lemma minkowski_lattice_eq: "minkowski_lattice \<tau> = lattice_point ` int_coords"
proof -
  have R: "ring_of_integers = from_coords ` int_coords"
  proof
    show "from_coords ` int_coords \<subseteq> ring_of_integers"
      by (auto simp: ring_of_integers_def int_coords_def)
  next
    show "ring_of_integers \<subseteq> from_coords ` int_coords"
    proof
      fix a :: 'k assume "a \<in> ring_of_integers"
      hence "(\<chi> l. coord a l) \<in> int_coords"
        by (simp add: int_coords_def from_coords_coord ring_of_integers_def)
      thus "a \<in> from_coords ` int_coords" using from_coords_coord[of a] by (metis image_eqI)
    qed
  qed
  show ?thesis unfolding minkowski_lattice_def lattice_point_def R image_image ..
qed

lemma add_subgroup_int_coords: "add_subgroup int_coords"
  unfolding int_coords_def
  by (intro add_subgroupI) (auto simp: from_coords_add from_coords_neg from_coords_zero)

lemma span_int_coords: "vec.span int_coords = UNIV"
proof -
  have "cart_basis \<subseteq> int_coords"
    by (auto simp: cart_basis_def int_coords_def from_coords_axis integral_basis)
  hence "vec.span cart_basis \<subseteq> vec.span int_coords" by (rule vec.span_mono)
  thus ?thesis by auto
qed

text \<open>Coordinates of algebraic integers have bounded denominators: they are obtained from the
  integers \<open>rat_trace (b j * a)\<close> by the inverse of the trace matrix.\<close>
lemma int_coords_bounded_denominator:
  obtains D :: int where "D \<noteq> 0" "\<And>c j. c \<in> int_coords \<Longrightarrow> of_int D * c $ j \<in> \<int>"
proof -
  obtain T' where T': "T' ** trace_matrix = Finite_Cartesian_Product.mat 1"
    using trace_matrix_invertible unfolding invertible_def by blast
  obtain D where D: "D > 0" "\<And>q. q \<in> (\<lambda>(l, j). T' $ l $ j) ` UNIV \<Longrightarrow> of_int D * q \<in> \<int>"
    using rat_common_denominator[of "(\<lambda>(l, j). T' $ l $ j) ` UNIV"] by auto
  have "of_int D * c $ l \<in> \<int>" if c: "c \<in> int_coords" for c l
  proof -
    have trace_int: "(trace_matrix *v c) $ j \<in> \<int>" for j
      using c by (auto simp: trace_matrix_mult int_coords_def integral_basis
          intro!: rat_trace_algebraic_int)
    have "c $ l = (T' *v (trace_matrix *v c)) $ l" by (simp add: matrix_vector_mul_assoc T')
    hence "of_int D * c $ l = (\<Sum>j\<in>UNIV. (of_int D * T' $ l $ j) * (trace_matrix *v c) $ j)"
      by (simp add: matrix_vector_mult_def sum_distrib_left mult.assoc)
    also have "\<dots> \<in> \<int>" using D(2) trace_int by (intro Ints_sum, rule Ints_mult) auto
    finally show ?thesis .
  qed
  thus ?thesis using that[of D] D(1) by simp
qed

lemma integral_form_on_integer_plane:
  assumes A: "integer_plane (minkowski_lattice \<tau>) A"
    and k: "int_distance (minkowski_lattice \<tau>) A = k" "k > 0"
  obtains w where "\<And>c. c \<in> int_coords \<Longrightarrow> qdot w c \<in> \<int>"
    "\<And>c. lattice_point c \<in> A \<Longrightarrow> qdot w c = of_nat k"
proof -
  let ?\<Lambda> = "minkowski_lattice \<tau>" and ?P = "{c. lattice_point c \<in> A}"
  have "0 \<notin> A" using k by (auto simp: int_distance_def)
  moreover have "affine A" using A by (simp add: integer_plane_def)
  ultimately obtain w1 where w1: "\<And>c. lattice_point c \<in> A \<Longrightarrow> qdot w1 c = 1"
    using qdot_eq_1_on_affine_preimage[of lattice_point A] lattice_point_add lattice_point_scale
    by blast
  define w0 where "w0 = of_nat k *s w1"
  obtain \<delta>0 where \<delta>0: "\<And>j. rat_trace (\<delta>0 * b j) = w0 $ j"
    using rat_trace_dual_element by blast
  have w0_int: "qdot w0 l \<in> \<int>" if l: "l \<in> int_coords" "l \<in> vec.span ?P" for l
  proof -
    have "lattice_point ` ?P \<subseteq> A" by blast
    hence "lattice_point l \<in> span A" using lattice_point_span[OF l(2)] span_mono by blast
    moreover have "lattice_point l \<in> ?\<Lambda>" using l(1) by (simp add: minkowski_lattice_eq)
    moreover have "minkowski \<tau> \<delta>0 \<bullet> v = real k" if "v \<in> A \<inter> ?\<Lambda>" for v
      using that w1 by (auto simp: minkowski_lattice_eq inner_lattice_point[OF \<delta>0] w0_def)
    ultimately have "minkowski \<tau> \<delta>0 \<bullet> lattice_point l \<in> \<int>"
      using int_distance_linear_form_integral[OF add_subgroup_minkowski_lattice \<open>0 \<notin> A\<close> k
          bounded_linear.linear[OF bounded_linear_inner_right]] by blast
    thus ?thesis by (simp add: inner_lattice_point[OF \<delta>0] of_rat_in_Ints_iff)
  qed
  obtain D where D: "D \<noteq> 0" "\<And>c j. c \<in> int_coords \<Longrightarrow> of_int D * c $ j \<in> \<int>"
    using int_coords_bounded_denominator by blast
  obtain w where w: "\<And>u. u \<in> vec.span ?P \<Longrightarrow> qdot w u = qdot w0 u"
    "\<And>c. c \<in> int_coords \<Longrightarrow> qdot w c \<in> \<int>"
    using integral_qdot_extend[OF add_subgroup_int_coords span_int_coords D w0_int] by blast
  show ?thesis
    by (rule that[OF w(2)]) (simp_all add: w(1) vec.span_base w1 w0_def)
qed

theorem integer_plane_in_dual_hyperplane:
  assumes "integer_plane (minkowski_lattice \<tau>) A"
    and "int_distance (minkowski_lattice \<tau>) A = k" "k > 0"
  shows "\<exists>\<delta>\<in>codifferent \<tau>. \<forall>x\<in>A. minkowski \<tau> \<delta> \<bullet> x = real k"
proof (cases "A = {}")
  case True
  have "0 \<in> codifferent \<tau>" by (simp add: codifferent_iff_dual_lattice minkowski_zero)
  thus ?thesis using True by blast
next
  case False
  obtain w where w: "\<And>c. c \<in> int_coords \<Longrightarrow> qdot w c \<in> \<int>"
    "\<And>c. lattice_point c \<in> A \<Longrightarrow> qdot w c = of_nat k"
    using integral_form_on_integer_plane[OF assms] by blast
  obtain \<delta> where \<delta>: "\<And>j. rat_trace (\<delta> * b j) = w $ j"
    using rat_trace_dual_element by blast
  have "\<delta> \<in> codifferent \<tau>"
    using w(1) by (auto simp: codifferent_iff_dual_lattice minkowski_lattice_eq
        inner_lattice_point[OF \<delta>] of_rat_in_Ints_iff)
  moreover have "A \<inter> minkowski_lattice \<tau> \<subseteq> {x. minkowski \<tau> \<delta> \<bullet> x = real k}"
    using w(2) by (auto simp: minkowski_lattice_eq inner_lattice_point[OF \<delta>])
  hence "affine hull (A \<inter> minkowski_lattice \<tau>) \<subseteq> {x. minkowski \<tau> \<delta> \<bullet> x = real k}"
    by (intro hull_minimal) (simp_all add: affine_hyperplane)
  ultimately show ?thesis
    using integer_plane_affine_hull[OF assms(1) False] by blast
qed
* * *
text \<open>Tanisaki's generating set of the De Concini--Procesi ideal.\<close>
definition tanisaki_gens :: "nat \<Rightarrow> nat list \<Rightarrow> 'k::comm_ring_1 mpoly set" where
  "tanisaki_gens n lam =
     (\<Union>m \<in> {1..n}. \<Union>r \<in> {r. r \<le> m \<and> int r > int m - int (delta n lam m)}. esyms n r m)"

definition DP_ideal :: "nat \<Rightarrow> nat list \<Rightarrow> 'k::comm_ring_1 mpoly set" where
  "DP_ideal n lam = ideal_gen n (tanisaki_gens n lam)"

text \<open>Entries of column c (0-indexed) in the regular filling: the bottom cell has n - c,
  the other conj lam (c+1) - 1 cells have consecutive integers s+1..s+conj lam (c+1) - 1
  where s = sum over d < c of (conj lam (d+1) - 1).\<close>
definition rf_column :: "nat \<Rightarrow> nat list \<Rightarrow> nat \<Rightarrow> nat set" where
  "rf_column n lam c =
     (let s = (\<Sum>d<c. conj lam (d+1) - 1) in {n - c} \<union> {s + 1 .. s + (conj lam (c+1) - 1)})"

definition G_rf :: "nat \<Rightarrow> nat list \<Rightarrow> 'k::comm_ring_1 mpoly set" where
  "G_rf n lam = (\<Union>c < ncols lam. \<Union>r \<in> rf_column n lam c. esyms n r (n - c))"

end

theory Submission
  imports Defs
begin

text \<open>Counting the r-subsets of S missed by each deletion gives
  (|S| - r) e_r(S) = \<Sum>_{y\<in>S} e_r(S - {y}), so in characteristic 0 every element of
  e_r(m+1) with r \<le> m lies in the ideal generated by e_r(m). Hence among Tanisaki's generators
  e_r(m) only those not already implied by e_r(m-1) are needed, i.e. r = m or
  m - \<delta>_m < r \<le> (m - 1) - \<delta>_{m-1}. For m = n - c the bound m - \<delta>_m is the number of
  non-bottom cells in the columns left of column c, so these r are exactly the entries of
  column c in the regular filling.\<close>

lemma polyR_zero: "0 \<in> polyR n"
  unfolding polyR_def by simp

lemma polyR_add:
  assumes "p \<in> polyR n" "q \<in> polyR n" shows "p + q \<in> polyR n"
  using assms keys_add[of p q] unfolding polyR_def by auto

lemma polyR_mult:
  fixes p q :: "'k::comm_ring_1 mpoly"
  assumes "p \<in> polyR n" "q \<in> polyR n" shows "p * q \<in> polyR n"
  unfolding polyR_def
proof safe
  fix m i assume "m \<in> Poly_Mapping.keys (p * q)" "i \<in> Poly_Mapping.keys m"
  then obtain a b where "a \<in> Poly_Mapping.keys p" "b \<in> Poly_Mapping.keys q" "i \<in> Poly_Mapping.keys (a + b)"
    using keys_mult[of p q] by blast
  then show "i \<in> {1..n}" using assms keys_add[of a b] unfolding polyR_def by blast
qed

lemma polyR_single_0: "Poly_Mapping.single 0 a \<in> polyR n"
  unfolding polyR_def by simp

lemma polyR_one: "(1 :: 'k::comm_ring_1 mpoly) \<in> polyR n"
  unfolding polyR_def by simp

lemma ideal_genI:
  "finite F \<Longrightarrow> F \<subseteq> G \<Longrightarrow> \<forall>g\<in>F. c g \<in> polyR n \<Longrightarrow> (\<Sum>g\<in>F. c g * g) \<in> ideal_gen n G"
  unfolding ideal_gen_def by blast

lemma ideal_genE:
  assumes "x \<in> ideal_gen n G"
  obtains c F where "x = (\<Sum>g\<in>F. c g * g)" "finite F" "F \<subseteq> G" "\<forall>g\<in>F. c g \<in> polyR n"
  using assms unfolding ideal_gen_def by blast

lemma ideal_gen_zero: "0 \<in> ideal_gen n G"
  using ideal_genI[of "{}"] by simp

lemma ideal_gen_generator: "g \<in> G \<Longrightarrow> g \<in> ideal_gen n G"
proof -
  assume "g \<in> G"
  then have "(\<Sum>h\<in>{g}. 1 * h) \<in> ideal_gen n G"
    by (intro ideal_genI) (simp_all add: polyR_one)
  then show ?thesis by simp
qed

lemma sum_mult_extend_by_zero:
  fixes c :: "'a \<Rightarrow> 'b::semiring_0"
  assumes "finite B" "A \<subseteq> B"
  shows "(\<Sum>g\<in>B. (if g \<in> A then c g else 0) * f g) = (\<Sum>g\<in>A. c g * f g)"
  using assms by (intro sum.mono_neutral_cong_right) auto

REQUIRED ACTION >> Look in the material above for the line with "polyR_def by blast" and the line with "(if g \<in>", and transcribe exactly those lines and all lines between them, nothing more.

SOLUTION TO THE EXERCISE >>
  then show "i \<in> {1..n}" using assms keys_add[of a b] unfolding polyR_def by blast
qed

lemma polyR_single_0: "Poly_Mapping.single 0 a \<in> polyR n"
  unfolding polyR_def by simp

lemma polyR_one: "(1 :: 'k::comm_ring_1 mpoly) \<in> polyR n"
  unfolding polyR_def by simp

lemma ideal_genI:
  "finite F \<Longrightarrow> F \<subseteq> G \<Longrightarrow> \<forall>g\<in>F. c g \<in> polyR n \<Longrightarrow> (\<Sum>g\<in>F. c g * g) \<in> ideal_gen n G"
  unfolding ideal_gen_def by blast

lemma ideal_genE:
  assumes "x \<in> ideal_gen n G"
  obtains c F where "x = (\<Sum>g\<in>F. c g * g)" "finite F" "F \<subseteq> G" "\<forall>g\<in>F. c g \<in> polyR n"
  using assms unfolding ideal_gen_def by blast

lemma ideal_gen_zero: "0 \<in> ideal_gen n G"
  using ideal_genI[of "{}"] by simp

lemma ideal_gen_generator: "g \<in> G \<Longrightarrow> g \<in> ideal_gen n G"
proof -
  assume "g \<in> G"
  then have "(\<Sum>h\<in>{g}. 1 * h) \<in> ideal_gen n G"
    by (intro ideal_genI) (simp_all add: polyR_one)
  then show ?thesis by simp
qed

lemma sum_mult_extend_by_zero:
  fixes c :: "'a \<Rightarrow> 'b::semiring_0"
  assumes "finite B" "A \<subseteq> B"
  shows "(\<Sum>g\<in>B. (if g \<in> A then c g else 0) * f g) = (\<Sum>g\<in>A. c g * f g)"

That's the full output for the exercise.